──────── The data

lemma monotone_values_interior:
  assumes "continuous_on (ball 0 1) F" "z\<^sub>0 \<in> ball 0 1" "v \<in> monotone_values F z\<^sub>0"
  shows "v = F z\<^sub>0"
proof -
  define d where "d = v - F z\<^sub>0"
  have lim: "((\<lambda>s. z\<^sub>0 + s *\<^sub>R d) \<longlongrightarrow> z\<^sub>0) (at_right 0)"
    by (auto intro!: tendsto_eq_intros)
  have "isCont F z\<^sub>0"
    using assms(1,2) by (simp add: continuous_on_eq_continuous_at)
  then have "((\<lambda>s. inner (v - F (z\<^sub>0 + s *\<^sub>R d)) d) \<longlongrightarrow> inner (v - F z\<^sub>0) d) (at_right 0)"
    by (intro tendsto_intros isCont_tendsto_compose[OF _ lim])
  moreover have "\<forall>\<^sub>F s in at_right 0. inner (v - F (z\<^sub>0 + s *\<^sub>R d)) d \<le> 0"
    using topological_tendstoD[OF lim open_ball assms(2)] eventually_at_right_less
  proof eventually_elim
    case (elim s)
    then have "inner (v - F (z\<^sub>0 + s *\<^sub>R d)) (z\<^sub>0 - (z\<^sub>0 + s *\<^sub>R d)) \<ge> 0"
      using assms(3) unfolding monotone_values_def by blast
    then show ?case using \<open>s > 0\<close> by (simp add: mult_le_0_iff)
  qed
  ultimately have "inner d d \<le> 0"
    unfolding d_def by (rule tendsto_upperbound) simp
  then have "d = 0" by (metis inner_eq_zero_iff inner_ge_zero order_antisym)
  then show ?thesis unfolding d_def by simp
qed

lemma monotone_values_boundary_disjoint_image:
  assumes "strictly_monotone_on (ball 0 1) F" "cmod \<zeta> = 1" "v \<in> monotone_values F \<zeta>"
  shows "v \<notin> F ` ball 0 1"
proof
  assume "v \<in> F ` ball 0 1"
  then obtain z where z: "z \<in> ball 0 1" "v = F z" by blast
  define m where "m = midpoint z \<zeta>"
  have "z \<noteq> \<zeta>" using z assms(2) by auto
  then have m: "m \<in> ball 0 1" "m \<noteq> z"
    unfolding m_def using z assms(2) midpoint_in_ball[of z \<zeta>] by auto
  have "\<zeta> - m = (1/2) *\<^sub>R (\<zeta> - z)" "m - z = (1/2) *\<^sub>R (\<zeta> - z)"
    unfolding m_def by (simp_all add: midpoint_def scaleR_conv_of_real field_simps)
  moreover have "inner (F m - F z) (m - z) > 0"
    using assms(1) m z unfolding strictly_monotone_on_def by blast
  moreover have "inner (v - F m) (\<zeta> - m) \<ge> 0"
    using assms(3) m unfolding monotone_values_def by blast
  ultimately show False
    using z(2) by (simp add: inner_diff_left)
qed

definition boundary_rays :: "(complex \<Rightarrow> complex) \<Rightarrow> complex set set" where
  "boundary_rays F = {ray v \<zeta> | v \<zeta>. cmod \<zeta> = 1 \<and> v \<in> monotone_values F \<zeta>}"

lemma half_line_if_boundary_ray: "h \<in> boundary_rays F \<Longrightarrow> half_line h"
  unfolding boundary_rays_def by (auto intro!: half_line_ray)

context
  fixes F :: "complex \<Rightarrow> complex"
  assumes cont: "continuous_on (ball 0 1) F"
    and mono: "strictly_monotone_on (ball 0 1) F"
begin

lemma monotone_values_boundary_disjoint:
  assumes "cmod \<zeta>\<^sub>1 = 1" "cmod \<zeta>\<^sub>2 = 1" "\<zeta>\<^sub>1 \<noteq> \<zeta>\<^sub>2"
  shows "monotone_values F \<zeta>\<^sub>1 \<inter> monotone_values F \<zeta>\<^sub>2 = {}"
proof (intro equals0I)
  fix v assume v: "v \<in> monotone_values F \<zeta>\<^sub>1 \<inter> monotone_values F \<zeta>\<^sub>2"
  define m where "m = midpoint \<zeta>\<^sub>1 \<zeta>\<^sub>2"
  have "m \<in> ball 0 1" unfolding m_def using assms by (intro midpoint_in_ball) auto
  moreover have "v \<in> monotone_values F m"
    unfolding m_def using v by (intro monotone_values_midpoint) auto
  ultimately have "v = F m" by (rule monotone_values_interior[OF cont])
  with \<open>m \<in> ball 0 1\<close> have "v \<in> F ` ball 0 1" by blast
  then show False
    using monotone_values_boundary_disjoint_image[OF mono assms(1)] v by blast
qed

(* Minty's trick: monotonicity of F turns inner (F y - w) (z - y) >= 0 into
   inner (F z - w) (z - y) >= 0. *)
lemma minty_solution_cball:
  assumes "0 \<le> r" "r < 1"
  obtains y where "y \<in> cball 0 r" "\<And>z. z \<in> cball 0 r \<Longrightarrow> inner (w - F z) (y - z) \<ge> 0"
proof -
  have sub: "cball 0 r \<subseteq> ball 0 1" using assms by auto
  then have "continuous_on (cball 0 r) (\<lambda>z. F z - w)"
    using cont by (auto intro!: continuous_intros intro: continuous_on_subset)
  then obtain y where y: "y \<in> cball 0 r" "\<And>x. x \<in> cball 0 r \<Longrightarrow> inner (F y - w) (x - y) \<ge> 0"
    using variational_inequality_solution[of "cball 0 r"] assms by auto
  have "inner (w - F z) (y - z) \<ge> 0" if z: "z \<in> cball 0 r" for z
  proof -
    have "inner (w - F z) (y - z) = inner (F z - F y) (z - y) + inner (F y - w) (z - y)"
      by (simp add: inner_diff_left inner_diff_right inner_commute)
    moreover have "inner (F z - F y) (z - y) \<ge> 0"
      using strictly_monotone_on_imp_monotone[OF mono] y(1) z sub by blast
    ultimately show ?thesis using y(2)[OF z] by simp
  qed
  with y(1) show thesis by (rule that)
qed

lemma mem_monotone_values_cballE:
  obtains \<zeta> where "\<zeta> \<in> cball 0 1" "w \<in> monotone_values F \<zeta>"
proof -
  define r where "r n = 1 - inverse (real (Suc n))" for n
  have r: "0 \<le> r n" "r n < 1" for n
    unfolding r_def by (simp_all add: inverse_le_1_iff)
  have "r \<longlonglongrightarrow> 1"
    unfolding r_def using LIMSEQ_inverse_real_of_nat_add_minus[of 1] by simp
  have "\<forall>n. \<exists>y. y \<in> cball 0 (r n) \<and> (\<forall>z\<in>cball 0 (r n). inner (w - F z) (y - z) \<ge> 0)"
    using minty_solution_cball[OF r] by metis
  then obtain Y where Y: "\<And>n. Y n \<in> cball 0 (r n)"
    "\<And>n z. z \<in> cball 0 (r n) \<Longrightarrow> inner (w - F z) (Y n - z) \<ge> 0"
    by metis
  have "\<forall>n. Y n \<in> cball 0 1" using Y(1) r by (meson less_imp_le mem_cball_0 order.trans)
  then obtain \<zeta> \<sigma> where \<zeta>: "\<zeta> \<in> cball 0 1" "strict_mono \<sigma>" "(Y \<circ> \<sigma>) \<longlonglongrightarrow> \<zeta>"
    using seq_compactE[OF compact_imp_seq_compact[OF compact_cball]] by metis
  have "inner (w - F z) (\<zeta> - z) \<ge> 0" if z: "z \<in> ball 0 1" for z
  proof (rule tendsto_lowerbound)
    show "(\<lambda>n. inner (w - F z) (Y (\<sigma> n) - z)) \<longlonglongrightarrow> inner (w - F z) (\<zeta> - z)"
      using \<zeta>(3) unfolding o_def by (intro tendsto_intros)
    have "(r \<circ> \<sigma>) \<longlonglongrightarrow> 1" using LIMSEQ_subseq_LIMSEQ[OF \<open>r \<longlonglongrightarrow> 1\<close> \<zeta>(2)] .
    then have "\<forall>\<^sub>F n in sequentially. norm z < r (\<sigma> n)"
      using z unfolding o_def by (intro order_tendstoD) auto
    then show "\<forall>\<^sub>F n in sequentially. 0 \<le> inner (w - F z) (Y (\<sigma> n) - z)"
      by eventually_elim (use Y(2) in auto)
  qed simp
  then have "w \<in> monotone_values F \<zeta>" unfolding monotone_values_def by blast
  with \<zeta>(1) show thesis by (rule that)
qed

────────────────
──────── The data

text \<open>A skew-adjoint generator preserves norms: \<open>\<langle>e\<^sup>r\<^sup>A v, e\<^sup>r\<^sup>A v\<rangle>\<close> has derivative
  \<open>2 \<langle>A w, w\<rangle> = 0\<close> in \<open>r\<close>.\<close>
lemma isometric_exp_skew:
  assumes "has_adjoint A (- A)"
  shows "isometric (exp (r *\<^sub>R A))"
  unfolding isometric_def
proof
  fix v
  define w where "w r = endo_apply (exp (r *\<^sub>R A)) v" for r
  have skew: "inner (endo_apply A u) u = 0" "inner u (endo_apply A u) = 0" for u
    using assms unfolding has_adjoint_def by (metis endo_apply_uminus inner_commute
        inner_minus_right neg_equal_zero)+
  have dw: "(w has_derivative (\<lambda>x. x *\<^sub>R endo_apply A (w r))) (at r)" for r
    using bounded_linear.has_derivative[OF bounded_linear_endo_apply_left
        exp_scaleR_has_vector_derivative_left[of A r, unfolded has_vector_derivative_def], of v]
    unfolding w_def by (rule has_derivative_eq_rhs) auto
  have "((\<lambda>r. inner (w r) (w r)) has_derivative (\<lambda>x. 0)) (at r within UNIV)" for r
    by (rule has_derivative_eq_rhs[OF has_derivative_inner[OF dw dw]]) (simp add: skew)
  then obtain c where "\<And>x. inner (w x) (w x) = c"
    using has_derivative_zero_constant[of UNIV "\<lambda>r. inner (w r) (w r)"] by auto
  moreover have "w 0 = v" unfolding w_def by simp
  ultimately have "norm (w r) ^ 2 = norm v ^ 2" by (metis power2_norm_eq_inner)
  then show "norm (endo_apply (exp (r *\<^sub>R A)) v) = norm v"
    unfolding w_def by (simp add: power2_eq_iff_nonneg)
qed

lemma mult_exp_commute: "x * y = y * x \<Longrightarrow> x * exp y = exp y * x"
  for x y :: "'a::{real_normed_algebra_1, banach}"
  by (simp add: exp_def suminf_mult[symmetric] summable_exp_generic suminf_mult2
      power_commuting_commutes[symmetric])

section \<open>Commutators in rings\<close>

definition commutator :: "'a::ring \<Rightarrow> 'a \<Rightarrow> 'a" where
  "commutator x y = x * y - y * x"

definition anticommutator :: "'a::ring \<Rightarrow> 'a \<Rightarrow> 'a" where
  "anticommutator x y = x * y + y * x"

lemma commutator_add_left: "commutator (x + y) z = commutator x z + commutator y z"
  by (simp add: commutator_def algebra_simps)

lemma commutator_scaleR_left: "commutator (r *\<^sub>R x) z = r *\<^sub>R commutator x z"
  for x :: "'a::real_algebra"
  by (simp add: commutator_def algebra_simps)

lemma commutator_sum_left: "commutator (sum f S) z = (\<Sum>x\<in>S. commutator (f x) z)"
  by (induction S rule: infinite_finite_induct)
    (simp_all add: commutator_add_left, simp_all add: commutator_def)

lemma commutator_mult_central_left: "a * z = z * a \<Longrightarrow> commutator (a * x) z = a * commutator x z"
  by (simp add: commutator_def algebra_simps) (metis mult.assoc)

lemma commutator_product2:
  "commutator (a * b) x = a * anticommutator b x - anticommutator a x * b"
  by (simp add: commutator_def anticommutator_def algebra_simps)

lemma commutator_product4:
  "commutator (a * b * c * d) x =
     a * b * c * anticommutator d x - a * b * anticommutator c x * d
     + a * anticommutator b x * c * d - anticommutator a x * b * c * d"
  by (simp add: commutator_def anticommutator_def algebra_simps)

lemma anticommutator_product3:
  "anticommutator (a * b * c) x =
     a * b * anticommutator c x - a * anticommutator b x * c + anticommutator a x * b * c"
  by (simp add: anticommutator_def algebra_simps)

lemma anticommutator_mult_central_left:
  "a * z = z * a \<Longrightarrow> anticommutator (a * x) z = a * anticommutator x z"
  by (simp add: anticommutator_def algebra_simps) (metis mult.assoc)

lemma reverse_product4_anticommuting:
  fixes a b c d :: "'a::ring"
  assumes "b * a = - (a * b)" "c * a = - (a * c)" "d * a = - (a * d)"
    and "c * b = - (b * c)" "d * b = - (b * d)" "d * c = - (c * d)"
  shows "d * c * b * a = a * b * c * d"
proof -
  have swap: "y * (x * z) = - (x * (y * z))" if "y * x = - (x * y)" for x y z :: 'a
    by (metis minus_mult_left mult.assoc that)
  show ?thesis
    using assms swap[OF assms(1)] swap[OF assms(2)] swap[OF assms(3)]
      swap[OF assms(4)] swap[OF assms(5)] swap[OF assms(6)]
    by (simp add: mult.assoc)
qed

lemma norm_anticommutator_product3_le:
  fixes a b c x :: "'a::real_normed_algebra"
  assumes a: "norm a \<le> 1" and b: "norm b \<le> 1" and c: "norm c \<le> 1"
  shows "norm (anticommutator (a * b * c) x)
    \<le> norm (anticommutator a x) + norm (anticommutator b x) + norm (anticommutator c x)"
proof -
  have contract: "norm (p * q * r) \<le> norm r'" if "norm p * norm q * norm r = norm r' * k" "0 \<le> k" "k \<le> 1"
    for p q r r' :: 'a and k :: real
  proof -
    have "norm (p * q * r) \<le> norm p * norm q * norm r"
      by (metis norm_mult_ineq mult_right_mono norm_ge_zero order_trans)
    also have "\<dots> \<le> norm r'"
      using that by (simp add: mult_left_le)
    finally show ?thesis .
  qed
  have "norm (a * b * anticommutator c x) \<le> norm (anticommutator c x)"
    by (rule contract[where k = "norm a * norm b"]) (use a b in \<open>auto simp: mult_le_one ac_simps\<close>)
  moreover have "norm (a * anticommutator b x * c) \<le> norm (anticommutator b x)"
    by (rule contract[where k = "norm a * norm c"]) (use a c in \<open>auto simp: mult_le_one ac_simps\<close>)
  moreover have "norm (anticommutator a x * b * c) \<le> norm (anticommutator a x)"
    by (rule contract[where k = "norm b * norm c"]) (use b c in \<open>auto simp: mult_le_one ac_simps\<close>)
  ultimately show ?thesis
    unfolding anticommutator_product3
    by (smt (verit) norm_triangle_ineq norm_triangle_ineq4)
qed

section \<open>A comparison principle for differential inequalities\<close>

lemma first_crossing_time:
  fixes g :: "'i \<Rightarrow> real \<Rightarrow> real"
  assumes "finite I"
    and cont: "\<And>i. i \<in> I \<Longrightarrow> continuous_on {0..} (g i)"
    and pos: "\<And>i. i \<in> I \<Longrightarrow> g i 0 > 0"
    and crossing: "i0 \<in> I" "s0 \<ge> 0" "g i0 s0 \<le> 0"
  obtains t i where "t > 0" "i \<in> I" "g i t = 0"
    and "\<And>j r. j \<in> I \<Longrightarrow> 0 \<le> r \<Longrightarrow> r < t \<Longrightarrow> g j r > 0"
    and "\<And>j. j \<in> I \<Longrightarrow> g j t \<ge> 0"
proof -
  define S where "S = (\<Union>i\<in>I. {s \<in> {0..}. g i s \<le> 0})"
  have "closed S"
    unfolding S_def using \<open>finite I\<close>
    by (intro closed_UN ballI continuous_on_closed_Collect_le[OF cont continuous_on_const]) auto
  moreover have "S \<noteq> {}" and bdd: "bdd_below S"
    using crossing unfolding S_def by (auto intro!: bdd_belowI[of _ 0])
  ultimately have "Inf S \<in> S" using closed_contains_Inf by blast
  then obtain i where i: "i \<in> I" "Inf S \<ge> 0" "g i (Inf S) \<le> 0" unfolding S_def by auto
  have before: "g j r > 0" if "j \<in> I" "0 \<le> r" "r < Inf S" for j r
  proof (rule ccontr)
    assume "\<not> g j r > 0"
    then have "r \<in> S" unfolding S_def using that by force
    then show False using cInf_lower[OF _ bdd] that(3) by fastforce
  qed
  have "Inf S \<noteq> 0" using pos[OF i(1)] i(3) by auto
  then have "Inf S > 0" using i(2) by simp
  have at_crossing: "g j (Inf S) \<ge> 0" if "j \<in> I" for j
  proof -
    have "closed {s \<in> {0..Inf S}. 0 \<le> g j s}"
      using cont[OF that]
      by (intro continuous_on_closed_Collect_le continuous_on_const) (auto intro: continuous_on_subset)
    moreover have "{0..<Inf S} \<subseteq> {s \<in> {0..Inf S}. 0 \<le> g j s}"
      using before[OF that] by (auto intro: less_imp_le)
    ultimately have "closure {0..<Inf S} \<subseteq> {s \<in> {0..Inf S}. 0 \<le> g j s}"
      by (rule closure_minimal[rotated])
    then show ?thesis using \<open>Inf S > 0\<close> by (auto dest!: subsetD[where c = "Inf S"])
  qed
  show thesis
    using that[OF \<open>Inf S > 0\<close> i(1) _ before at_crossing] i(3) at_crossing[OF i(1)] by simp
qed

────────────────

### Problem statement:
Please reproduce exactly the lines in the listing above from the one containing "power_commuting_commutes[symmetric])" through the one containing "using assms swap[OF", both included, and nothing more.

### Solution below:
      power_commuting_commutes[symmetric])

section \<open>Commutators in rings\<close>

definition commutator :: "'a::ring \<Rightarrow> 'a \<Rightarrow> 'a" where
  "commutator x y = x * y - y * x"

definition anticommutator :: "'a::ring \<Rightarrow> 'a \<Rightarrow> 'a" where
  "anticommutator x y = x * y + y * x"

lemma commutator_add_left: "commutator (x + y) z = commutator x z + commutator y z"
  by (simp add: commutator_def algebra_simps)

lemma commutator_scaleR_left: "commutator (r *\<^sub>R x) z = r *\<^sub>R commutator x z"
  for x :: "'a::real_algebra"
  by (simp add: commutator_def algebra_simps)

lemma commutator_sum_left: "commutator (sum f S) z = (\<Sum>x\<in>S. commutator (f x) z)"
  by (induction S rule: infinite_finite_induct)
    (simp_all add: commutator_add_left, simp_all add: commutator_def)

lemma commutator_mult_central_left: "a * z = z * a \<Longrightarrow> commutator (a * x) z = a * commutator x z"
  by (simp add: commutator_def algebra_simps) (metis mult.assoc)

lemma commutator_product2:
  "commutator (a * b) x = a * anticommutator b x - anticommutator a x * b"
  by (simp add: commutator_def anticommutator_def algebra_simps)

lemma commutator_product4:
  "commutator (a * b * c * d) x =
     a * b * c * anticommutator d x - a * b * anticommutator c x * d
     + a * anticommutator b x * c * d - anticommutator a x * b * c * d"
  by (simp add: commutator_def anticommutator_def algebra_simps)

lemma anticommutator_product3:
  "anticommutator (a * b * c) x =
     a * b * anticommutator c x - a * anticommutator b x * c + anticommutator a x * b * c"
  by (simp add: anticommutator_def algebra_simps)

lemma anticommutator_mult_central_left:
  "a * z = z * a \<Longrightarrow> anticommutator (a * x) z = a * anticommutator x z"
  by (simp add: anticommutator_def algebra_simps) (metis mult.assoc)

lemma reverse_product4_anticommuting:
  fixes a b c d :: "'a::ring"
  assumes "b * a = - (a * b)" "c * a = - (a * c)" "d * a = - (a * d)"
    and "c * b = - (b * c)" "d * b = - (b * d)" "d * c = - (c * d)"
  shows "d * c * b * a = a * b * c * d"
proof -
  have swap: "y * (x * z) = - (x * (y * z))" if "y * x = - (x * y)" for x y z :: 'a
    by (metis minus_mult_left mult.assoc that)
  show ?thesis
    using assms swap[OF assms(1)] swap[OF assms(2)] swap[OF assms(3)]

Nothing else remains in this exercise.